Our salvation is that even though we’re computing these exponential
functions, we ultimately plan to take their log in the cross-entropy
functions. It turns out that by combining these two operators
`softmax`

and `cross_entropy`

together, we can elude the numerical
stability issues that might otherwise plague us during backpropagation.
We’ll want to keep the conventional softmax function handy in case we
ever want to evaluate the probabilities output by our model.

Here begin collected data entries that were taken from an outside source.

(* Let $a<0$ and $\mu=\frac{1}{1-a}\in(0,1)$. Define $$\bar\Omega_a(X)=-\sin(\pi\mu)\,\frac{\mathbf 1_{\{X>1\}}}{|1-X|^{\mu}},\qquad \bar c_{l,a}=1-a,\qquad \bar c_{\omega,a}=-1.$$ Then $\mathcal H(\bar\Omega_a)(X)=\frac{\mathbf 1_{\{X<1\}}+\mathbf 1_{\{X>1\}}\cos(\pi\mu)}{|1-X|^{\mu}}$, and with $\bar U_a(X)=\int_0^X\mathcal H(\bar\Omega_a)(Y)\,dY$, the triple $(\bar\Omega_a,\bar c_{l,a},\bar c_{\omega,a})$ solves the self-similar profile equation $$(\bar c_{l,a}X+a\bar U_a)\,(\bar\Omega_a)_X=(\bar c_{\omega,a}+(\bar U_a)_X)\,\bar\Omega_a$$ at every $X\ne1$.
   Context: $\mathcal H$ denotes the Hilbert transform on $\mathbb R$: $\mathcal H(f)(x)=\frac1\pi\,\mathrm{P.V.}\int_{\mathbb R}\frac{f(y)}{x-y}\,dy$. $\mathbf 1_{A}$ is the indicator of the set $A$. *)

theory Defs
  imports "HOL-Analysis.Analysis"
begin

definition has_Hilbert_transform :: "(real \<Rightarrow> real) \<Rightarrow> real \<Rightarrow> real \<Rightarrow> bool" where
  "has_Hilbert_transform f x v \<longleftrightarrow>
     (\<forall>\<epsilon>>0. set_integrable lborel {y. \<epsilon> < \<bar>x - y\<bar>} (\<lambda>y. f y / (x - y))) \<and>
     ((\<lambda>\<epsilon>. (1 / pi) * (LINT y:{y. \<epsilon> < \<bar>x - y\<bar>}|lborel. f y / (x - y))) \<longlongrightarrow> v) (at_right 0)"

definition Hilbert_transform :: "(real \<Rightarrow> real) \<Rightarrow> real \<Rightarrow> real" where
  "Hilbert_transform f x = (THE v. has_Hilbert_transform f x v)"

end

(*
  For x < 1 the truncated Hilbert integral of Omega_bar does not depend on the truncation, and the
  substitution y = 1 + (1 - x) v / (1 - v) turns it into the Beta integral B(1 - m, m) = pi / sin (pi m).
  For x > 1 the scaling y = 1 + (x - 1) u reduces the principal value to that of the integral of
  u^(-m) / (1 - u) over (0, oo); folding (1, oo) onto (0, 1) by u |-> 1/u leaves the integral of
  (u^(-m) - u^(m-1)) / (1 - u) over (0, 1), which equals Digamma m - Digamma (1 - m) = - pi cot (pi m)
  (expand 1 / (1 - u) as a geometric series, then use the reflection formula for Gamma), plus an error
  of order of the truncation. The velocity U is then integrated in closed form, and at X > 1 the profile
  equation becomes a rational identity in X - 1 and (X - 1)^m that holds precisely because m = 1 / (1 - a).
*)
theory Submission
  imports Defs
begin

section \<open>Principal values\<close>

lemma Hilbert_transform_eqI:
  assumes "has_Hilbert_transform f x v"
  shows "Hilbert_transform f x = v"
  unfolding Hilbert_transform_def
proof (rule the_equality)
  show "has_Hilbert_transform f x v" by fact
  fix w assume "has_Hilbert_transform f x w"
  then show "w = v"
    using assms unfolding has_Hilbert_transform_def
    by (auto intro: tendsto_unique[OF trivial_limit_at_right_real])
qed
lemma killed_form_le:
  assumes "poincare_ineq X A w K \<delta>" "\<delta> \<le> 1"
  shows "killed_form X A w K f f \<le> (1 - \<delta>) * weighted_sqnorm X w f"
proof -
  define f0 where "f0 = (\<lambda>x. if x \<in> A then 0 else f x)"
  have "killed_form X A w K f f = (\<Sum>y\<in>X. \<Sum>x\<in>X. w y * K y x * f0 y * f0 x)"
    unfolding killed_form_def f0_def by (intro sum.cong refl) auto
  also have "\<dots> = weighted_sqnorm X w f0 - dirichlet_form X w K f0"
    by (rule sum_kernel_product_eq_sqnorm_minus_dirichlet)
  also have "\<dots> \<le> (1 - \<delta>) * weighted_sqnorm X w f0"
    using assms(1) by (simp add: poincare_ineq_def f0_def algebra_simps)
  also have "\<dots> \<le> (1 - \<delta>) * weighted_sqnorm X w f"
    using \<open>\<delta> \<le> 1\<close> unfolding weighted_sqnorm_def f0_def
    by (intro mult_left_mono sum_mono) (auto intro!: mult_nonneg_nonneg weight_nonneg)
  finally show ?thesis .
qed

text \<open>The killed operator is self-adjoint in \<open>L\<^sup>2(w)\<close>, and its quadratic form lies in
  \<open>[-(1 - \<delta>), 1 - \<delta>]\<close> (the lower bound because the kernel is nonnegative), so its
  norm is at most \<open>1 - \<delta>\<close>.\<close>

lemma killed_form_le_sqnorm_add:
  assumes "poincare_ineq X A w K \<delta>" "\<delta> \<le> 1"
  shows "2 * killed_form X A w K g f \<le> (1 - \<delta>) * (weighted_sqnorm X w g + weighted_sqnorm X w f)"
proof -
  have abs_diag: "\<bar>killed_form X A w K h h\<bar> \<le> (1 - \<delta>) * weighted_sqnorm X w h" for h
    using killed_form_abs_le[of A h] killed_form_le[OF assms, of "\<lambda>x. \<bar>h x\<bar>"]
    by (simp add: weighted_sqnorm_def)
  have "4 * killed_form X A w K g f
      = killed_form X A w K (\<lambda>x. g x + f x) (\<lambda>x. g x + f x)
        - killed_form X A w K (\<lambda>x. g x - f x) (\<lambda>x. g x - f x)"
    using killed_form_polarization[of X A w K g f] killed_form_commute[of A g f] by simp
  also have "\<dots> \<le> (1 - \<delta>) * (weighted_sqnorm X w (\<lambda>x. g x + f x) + weighted_sqnorm X w (\<lambda>x. g x - f x))"
    using abs_diag[of "\<lambda>x. g x + f x"] abs_diag[of "\<lambda>x. g x - f x"] by (simp add: algebra_simps)
  finally show ?thesis
    unfolding weighted_sqnorm_parallelogram by (simp add: algebra_simps)
qed
(* Let $\beta>1$ be a root of an irreducible monic polynomial $p\in\mathbb Z[x]$ of degree $d>1$, with Galois conjugates $\beta_2,\dots,\beta_d$. Let $E=[0,B)$ and let $F:E\to E$ be a generalized $\beta$-transformation, i.e. there are $0=x_0<x_1<\dots<x_l=B$ and $y_1,\dots,y_l$ with $\beta I_j-y_j\subseteq E$ and $F(x)=\beta x-y_j$ for $x\in I_j=[x_{j-1},x_j)$, and assume $x_0,\dots,x_l,y_1,\dots,y_l\in\mathbb{Q}(\beta)$. Then: (1) If $|\beta_j|<1$ for all $j=2,\dots,d$, then for every $x\in\mathbb{Q}(\beta)\cap E$ the orbit $\{F^n(x):n\ge0\}$ is finite, hence eventually periodic. (2) If $|\beta_j|>1$ for some $j\in\{2,\dots,d\}$, then there exists $x\in\mathbb{Q}(\beta)\cap E$ whose orbit under $F$ is infinite. *)

theory Defs
  imports Complex_Main "HOL-Computational_Algebra.Polynomial"
begin

definition Qfield :: "real \<Rightarrow> real set" where
  "Qfield b = {poly (map_poly of_rat q) b | q. True}"

definition gen_beta_transf ::
  "real \<Rightarrow> real \<Rightarrow> nat \<Rightarrow> (nat \<Rightarrow> real) \<Rightarrow> (nat \<Rightarrow> real) \<Rightarrow> (real \<Rightarrow> real) \<Rightarrow> bool" where
  "gen_beta_transf \<beta> B l xs ys F \<longleftrightarrow>
     l \<ge> 1 \<and> xs 0 = 0 \<and> xs l = B \<and> (\<forall>j<l. xs j < xs (Suc j)) \<and>
     (\<forall>j\<in>{1..l}. \<forall>t. xs (j - 1) \<le> t \<and> t < xs j \<longrightarrow>
        0 \<le> \<beta> * t - ys j \<and> \<beta> * t - ys j < B \<and> F t = \<beta> * t - ys j)"

end

theory Submission
  imports Defs "Berlekamp_Zassenhaus.Factor_Bound"
begin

But instead of passing softmax probabilities into our loss function -
we’ll just pass our `yhat_linear`

and compute the softmax and its log
all at once inside the softmax_cross_entropy loss function
simultaneously, which does smart things like the log-sum-exp trick (see
on Wikipedia).

```
In [35]:
```

```
def softmax_cross_entropy(yhat_linear, y):
return - nd.nansum(y * nd.log_softmax(yhat_linear), axis=0, exclude=True)
```

## Define the model¶

Now we’re ready to define our model

```
In [36]:
```

```
def net(X):
#######################
# Compute the first hidden layer
#######################
h1_linear = nd.dot(X, W1) + b1
h1 = relu(h1_linear)
#######################
# Compute the second hidden layer
#######################
h2_linear = nd.dot(h1, W2) + b2
h2 = relu(h2_linear)
#######################
# Compute the output layer.
# We will omit the softmax function here
# because it will be applied
# in the softmax_cross_entropy loss
#######################
yhat_linear = nd.dot(h2, W3) + b3
return yhat_linear
```

## Optimizer¶

```
In [37]:
```

```
def SGD(params, lr):
for param in params:
param[:] = param - lr * param.grad
```

## Evaluation metric¶

```
In [38]:
```

```
def evaluate_accuracy(data_iterator, net):
numerator = 0.
denominator = 0.
for i, (data, label) in enumerate(data_iterator):
data = data.as_in_context(model_ctx).reshape((-1, 784))
label = label.as_in_context(model_ctx)
output = net(data)
predictions = nd.argmax(output, axis=1)
numerator += nd.sum(predictions == label)
denominator += data.shape[0]
return (numerator / denominator).asscalar()
```

## Execute the training loop¶

```
In [39]:
```

```
epochs = 10
learning_rate = .001
smoothing_constant = .01
for e in range(epochs):
cumulative_loss = 0
for i, (data, label) in enumerate(train_data):
data = data.as_in_context(model_ctx).reshape((-1, 784))
label = label.as_in_context(model_ctx)
label_one_hot = nd.one_hot(label, 10)
with autograd.record():
output = net(data)
loss = softmax_cross_entropy(output, label_one_hot)
loss.backward()
SGD(params, learning_rate)
cumulative_loss += nd.sum(loss).asscalar()
test_accuracy = evaluate_accuracy(test_data, net)
train_accuracy = evaluate_accuracy(train_data, net)
print("Epoch %s. Loss: %s, Train_acc %s, Test_acc %s" %
(e, cumulative_loss/num_examples, train_accuracy, test_accuracy))
```

```
Epoch 0. Loss: 1.20780775437, Train_acc 0.883633, Test_acc 0.8877
Epoch 1. Loss: 0.328388882202, Train_acc 0.924017, Test_acc 0.9244
Epoch 2. Loss: 0.22106400394, Train_acc 0.949033, Test_acc 0.9464
Epoch 3. Loss: 0.162594895309, Train_acc 0.957433, Test_acc 0.9535
Epoch 4. Loss: 0.129279144899, Train_acc 0.96935, Test_acc 0.9637
Epoch 5. Loss: 0.105187748659, Train_acc 0.9739, Test_acc 0.9703
Epoch 6. Loss: 0.0890154179106, Train_acc 0.979033, Test_acc 0.9728
Epoch 7. Loss: 0.076162833334, Train_acc 0.982283, Test_acc 0.9723
Epoch 8. Loss: 0.0654618650412, Train_acc 0.984717, Test_acc 0.9728
Epoch 9. Loss: 0.0572528594335, Train_acc 0.987433, Test_acc 0.9751
```

## Conclusion¶

Nice! With just two hidden layers containing 256 hidden nodes, respectively, we can achieve over 95% accuracy on this task.